Just yesterday, I was talking about how Apple’s new AI-powered transcription and summarization feature for voice memos on iPhone is one of the features Rabbit promised on the R1 for later this year, and that gives us one less reason to buy the device.
Today, at Google I/O, the company showed off Project Astra, a multimodal AI agent designed to help you. It takes audio, pictures, and video input and is supposed to respond to your queries and follow-up questions precisely. The company claims its real USP lies in the feature working in real time and bring “response time down to conversational level”.
The keynote showed a woman walking around her workplace and asking her Google phone to identify a specific part of the speaker. The phone promptly correctly identified it as the tweeter. The woman asked it a bunch of other questions and even asked it to tell her where it had last seen her misplaced glasses.

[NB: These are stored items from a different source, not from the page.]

theorem theorem3p8:
  fixes M :: "'w measure"
    and K :: "'h::{chilbert_space, second_countable_topology} \<Rightarrow> 'h"
    and F :: "'w \<Rightarrow> 'h"
  assumes "bounded_clinear K"
    and "closed (range K)"
    and "parseval_cont_K_frame M K F"
  shows "(cont_L2_independent M F \<longleftrightarrow> cont_L2_independent M (\<lambda>\<omega>. pinv K (F \<omega>)))
         \<and> (unique_dual_cont_bessel M K F \<longrightarrow>
              unique_dual_cont_bessel M (cadjoint K) (\<lambda>\<omega>. pinv K (F \<omega>)))"
proof (intro conjI impI)
  show indep_iff: "cont_L2_independent M F \<longleftrightarrow> cont_L2_independent M (\<lambda>\<omega>. pinv K (F \<omega>))"
    by (rule cont_L2_independent_pinv_iff[OF assms])
  assume unique: "unique_dual_cont_bessel M K F"
  have dual: "dual_cont_bessel M (cadjoint K) (\<lambda>\<omega>. pinv K (F \<omega>)) F"
    by (rule parseval_frame_dual_of_pinv[OF assms])
  show "unique_dual_cont_bessel M (cadjoint K) (\<lambda>\<omega>. pinv K (F \<omega>))"
  proof (cases "\<exists>h::'h. h \<noteq> 0")
    case True
    then obtain h :: 'h where "h \<noteq> 0"
      by blast
    with unique have "cont_L2_independent M F"
      by (rule unique_dual_imp_L2_independent)
    with indep_iff dual show ?thesis
      using L2_independent_unique_dual by blast
  next
    case False
    then have "AE \<omega> in M. G1 \<omega> = G2 \<omega>" for G1 G2 :: "'w \<Rightarrow> 'h"
      by (metis (full_types) AE_I2)
    with dual show ?thesis
      unfolding unique_dual_cont_bessel_def by blast
  qed
qed

end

Google touted the whole “Just Ask” functionality multiple times during the keynote. They’re trying to market the new Gemini AI features to provide everything you need without asking. Another new addition is the Side Panel feature that will appear on your Gmail and Google Docs to help save you time on those services. It can summarize a long email thread, tell you the key points in a one-hour-long presentation, or summarize a PDF.
The presentation showed an example where the Side Panel user asked it to analyze all the receipts in the emails sent within the last 30 days and put some of its contents (vendor, date, etc.) on a spreadsheet. The keynote speaker mentioned that we’d be able to fully automate this action so that our spreadsheet updates alongside our Gmail. This is one of the R1’s biggest promises for late 2024 and the feature they’ve been most vocal about.
I’ve said it once and I’ll say it again: dedicated AI devices will be practically useless as soon as phones get smart enough to offer the same functionality (which will happen sooner than we think).